WHAT THE EXERCISE ASKS ▸ Search the data below for the string "meets". Extract every line that contains it.

### MATERIAL FOR THIS EXERCISE

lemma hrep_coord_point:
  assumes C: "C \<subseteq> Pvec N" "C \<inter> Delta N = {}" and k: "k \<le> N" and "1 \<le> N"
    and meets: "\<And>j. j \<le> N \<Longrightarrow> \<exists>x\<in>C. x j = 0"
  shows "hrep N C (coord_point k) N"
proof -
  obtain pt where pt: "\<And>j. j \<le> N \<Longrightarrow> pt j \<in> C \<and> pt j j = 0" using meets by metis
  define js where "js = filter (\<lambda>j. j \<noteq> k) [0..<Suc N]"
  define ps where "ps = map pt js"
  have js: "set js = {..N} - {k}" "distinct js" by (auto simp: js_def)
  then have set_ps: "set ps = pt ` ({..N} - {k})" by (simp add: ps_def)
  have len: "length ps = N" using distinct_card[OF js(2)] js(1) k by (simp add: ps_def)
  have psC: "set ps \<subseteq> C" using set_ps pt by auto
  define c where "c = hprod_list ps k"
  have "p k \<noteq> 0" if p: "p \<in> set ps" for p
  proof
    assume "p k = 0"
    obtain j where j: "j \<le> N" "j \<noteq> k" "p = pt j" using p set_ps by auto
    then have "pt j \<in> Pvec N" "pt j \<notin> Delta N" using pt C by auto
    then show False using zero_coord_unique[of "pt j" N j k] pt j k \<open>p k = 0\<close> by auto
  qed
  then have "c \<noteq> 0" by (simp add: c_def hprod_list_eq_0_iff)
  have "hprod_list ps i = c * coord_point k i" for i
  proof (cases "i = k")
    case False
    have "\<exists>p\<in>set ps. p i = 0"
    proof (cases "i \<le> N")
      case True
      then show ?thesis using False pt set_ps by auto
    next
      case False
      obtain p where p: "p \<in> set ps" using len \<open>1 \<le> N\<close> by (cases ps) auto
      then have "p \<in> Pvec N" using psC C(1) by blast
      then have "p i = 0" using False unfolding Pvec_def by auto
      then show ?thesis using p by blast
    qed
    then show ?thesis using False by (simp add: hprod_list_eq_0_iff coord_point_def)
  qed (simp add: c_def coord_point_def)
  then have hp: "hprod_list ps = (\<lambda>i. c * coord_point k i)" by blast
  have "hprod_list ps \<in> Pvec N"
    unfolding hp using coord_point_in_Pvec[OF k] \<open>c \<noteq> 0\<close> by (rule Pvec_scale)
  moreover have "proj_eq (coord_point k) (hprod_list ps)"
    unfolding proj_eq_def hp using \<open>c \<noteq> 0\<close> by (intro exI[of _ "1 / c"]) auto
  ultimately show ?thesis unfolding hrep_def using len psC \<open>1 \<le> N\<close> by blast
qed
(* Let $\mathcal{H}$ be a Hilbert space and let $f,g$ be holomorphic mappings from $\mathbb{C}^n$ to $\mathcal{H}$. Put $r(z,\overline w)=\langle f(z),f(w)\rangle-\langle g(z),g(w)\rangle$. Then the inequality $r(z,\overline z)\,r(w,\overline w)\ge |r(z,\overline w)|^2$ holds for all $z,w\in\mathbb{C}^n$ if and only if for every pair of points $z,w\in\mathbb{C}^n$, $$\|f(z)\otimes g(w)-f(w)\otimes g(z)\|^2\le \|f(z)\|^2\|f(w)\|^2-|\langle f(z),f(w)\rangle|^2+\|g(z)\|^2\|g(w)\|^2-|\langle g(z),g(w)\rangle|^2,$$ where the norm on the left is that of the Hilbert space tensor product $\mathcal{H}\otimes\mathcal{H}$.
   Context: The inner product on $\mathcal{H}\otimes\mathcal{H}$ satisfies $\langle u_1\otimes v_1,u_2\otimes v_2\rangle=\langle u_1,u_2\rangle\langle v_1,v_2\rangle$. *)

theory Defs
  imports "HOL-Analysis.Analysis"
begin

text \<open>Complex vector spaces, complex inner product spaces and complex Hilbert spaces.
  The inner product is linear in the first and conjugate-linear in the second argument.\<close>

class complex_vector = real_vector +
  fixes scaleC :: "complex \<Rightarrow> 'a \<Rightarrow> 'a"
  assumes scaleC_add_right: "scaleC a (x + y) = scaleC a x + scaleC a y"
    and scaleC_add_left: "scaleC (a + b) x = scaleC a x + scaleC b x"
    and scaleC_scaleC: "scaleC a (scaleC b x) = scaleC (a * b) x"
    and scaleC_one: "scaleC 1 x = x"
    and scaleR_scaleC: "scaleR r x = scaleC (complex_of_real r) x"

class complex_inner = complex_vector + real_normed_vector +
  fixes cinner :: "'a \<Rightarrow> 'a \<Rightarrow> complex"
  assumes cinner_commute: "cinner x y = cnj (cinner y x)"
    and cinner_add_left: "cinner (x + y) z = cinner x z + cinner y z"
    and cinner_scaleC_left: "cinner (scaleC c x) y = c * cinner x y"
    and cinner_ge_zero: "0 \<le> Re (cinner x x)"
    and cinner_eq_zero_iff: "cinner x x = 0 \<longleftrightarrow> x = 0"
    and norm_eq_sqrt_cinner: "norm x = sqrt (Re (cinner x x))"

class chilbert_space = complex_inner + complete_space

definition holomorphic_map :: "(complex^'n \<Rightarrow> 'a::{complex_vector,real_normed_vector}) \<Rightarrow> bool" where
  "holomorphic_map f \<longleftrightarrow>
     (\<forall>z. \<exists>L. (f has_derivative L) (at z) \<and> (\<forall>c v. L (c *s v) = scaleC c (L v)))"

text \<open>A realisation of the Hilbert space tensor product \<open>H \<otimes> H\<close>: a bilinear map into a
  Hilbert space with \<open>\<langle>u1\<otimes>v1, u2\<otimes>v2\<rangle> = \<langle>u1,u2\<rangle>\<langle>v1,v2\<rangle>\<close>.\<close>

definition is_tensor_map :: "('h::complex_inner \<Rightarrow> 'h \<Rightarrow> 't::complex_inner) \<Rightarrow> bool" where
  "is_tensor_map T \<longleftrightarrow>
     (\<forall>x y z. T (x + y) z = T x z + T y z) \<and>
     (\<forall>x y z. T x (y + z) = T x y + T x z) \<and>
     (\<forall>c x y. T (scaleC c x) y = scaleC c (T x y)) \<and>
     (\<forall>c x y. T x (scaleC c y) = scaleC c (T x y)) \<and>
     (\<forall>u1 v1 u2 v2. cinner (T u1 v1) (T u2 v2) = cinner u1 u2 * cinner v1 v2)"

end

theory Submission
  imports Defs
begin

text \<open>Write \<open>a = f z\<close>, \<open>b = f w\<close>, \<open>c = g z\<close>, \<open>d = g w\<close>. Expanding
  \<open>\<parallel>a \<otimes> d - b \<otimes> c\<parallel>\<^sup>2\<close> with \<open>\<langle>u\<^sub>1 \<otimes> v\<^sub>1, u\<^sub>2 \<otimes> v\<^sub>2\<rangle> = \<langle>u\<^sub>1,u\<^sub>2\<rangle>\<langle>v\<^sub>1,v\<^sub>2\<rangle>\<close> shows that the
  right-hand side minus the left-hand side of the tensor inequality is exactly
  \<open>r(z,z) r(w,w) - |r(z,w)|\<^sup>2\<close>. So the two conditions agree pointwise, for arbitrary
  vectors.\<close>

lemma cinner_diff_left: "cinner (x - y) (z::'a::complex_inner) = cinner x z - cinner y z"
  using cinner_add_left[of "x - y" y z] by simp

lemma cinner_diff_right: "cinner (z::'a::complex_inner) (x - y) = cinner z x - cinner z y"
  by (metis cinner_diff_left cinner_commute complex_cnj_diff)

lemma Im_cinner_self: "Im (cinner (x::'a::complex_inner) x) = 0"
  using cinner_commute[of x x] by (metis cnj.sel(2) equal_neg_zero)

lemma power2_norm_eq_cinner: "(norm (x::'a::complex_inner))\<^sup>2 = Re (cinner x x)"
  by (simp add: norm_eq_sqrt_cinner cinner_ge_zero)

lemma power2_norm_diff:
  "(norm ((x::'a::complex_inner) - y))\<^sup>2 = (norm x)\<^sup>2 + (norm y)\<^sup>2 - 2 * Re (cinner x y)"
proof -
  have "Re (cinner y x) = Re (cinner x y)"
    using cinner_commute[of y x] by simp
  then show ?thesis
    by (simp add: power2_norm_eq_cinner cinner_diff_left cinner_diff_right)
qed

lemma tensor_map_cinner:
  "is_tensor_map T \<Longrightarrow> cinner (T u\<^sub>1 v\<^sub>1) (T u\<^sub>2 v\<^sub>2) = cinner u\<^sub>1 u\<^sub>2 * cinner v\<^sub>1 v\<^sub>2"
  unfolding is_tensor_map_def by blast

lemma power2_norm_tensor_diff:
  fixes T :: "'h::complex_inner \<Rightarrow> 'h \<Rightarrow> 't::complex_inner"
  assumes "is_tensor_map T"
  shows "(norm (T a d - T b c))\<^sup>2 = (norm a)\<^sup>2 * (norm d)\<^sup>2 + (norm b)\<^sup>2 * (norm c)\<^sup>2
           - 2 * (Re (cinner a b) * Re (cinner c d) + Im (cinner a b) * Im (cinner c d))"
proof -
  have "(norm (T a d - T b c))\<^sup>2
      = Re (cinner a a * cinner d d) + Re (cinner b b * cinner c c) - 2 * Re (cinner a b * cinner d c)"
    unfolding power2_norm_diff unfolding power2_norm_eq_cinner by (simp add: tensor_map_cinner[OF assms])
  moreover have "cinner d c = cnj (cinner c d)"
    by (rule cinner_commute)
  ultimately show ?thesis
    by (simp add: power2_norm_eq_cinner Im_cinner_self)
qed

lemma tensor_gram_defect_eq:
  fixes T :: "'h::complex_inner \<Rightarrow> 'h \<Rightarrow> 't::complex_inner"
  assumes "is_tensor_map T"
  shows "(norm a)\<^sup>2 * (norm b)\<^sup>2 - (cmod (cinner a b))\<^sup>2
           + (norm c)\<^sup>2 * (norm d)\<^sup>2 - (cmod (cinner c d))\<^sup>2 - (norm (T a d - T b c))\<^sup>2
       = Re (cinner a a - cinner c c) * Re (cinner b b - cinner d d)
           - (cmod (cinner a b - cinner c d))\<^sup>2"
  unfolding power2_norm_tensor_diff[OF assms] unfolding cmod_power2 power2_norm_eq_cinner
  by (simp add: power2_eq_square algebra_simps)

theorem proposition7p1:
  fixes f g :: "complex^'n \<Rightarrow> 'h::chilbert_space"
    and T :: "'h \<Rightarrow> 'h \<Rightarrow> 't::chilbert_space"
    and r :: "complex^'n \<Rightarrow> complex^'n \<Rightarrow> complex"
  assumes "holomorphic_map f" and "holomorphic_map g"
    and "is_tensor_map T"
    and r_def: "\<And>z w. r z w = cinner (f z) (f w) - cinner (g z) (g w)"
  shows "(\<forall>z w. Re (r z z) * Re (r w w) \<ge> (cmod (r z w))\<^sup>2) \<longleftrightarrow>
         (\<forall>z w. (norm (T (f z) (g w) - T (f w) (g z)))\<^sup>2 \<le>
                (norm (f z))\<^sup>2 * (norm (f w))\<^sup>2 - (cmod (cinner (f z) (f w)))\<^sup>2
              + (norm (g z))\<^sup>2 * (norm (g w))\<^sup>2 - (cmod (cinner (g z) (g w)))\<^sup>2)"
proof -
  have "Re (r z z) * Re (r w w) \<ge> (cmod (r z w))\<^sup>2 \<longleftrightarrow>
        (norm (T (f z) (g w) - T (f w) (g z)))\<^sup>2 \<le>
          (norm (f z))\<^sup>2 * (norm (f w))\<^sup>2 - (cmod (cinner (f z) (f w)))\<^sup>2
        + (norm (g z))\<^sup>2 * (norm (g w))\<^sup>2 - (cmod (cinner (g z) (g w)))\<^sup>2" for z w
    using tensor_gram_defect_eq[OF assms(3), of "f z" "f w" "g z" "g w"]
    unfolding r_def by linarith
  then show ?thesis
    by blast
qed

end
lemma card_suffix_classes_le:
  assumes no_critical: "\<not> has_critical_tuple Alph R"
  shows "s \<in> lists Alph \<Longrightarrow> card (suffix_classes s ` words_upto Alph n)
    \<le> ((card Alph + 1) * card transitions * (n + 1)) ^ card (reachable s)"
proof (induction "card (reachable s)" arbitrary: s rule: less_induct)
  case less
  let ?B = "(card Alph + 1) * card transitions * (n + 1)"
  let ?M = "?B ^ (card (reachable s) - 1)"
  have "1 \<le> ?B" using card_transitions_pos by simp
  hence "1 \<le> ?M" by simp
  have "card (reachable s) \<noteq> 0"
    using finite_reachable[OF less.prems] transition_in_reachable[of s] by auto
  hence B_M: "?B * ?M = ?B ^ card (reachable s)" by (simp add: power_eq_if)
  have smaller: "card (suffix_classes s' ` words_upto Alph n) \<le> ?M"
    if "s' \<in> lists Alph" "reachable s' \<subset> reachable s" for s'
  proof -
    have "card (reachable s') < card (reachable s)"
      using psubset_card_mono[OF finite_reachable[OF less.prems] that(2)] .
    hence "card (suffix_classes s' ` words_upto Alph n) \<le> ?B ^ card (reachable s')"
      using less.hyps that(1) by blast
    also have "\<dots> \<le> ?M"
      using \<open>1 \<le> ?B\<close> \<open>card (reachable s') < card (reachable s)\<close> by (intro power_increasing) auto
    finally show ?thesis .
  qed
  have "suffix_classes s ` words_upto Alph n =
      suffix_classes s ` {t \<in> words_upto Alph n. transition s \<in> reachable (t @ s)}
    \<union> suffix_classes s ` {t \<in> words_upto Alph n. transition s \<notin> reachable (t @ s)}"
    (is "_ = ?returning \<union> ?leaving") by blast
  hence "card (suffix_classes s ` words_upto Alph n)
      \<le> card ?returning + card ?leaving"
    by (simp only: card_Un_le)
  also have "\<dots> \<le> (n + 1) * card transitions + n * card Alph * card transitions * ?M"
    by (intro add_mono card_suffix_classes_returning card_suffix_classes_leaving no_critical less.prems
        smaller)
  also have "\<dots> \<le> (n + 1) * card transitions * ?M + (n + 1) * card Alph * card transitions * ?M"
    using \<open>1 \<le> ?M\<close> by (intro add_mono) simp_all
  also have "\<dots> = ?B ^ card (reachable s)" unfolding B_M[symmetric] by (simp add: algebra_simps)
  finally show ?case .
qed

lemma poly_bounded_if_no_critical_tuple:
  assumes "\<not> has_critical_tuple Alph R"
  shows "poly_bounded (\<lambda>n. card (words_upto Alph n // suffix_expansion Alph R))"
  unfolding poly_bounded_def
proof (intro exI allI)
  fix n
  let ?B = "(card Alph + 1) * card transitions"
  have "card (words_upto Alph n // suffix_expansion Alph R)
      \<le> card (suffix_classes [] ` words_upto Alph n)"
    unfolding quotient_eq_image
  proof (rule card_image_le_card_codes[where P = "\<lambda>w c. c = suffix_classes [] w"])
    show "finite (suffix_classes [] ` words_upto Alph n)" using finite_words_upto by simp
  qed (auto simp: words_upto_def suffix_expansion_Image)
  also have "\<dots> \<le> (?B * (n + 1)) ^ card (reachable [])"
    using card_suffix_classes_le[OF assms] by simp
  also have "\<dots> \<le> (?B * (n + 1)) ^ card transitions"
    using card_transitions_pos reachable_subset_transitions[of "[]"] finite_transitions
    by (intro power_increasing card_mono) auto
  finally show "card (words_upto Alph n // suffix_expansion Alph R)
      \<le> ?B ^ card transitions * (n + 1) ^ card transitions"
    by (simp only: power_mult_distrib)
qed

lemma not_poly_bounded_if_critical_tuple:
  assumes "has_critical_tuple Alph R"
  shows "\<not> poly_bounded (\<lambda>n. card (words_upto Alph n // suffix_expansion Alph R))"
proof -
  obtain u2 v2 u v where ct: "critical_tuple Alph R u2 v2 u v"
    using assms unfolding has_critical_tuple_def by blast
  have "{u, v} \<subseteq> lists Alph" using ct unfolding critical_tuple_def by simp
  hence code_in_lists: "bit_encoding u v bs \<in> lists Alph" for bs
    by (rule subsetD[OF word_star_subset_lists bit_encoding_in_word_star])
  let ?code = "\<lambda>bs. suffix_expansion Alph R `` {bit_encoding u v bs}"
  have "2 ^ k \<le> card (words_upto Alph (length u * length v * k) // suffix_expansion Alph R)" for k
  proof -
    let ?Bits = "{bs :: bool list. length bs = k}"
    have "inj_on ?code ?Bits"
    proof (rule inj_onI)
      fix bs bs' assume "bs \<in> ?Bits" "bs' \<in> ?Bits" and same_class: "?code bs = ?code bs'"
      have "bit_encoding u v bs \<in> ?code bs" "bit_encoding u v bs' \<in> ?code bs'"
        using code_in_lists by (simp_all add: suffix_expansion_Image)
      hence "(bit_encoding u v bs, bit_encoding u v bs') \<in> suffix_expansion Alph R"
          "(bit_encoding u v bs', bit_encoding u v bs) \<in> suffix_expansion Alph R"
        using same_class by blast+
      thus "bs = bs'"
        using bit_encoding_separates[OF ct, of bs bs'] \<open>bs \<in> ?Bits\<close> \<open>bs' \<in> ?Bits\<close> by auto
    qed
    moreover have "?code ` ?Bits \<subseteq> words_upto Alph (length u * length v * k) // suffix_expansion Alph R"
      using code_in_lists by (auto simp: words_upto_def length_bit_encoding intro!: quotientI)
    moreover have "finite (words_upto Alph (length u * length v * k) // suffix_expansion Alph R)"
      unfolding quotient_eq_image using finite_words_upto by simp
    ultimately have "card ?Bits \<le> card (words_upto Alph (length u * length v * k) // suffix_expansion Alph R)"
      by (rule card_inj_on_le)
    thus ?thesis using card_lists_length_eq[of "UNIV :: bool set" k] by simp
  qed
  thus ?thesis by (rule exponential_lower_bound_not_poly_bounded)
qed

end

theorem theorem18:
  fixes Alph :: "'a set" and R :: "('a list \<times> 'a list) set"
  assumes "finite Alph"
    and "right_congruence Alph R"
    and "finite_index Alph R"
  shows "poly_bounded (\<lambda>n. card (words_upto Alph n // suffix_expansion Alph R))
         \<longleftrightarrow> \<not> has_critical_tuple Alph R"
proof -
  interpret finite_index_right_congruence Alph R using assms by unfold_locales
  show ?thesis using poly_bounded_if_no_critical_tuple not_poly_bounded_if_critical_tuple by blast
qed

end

######

WRITTEN SOLUTION ▸
    and meets: "\<And>j. j \<le> N \<Longrightarrow> \<exists>x\<in>C. x j = 0"
  obtain pt where pt: "\<And>j. j \<le> N \<Longrightarrow> pt j \<in> C \<and> pt j j = 0" using meets by metis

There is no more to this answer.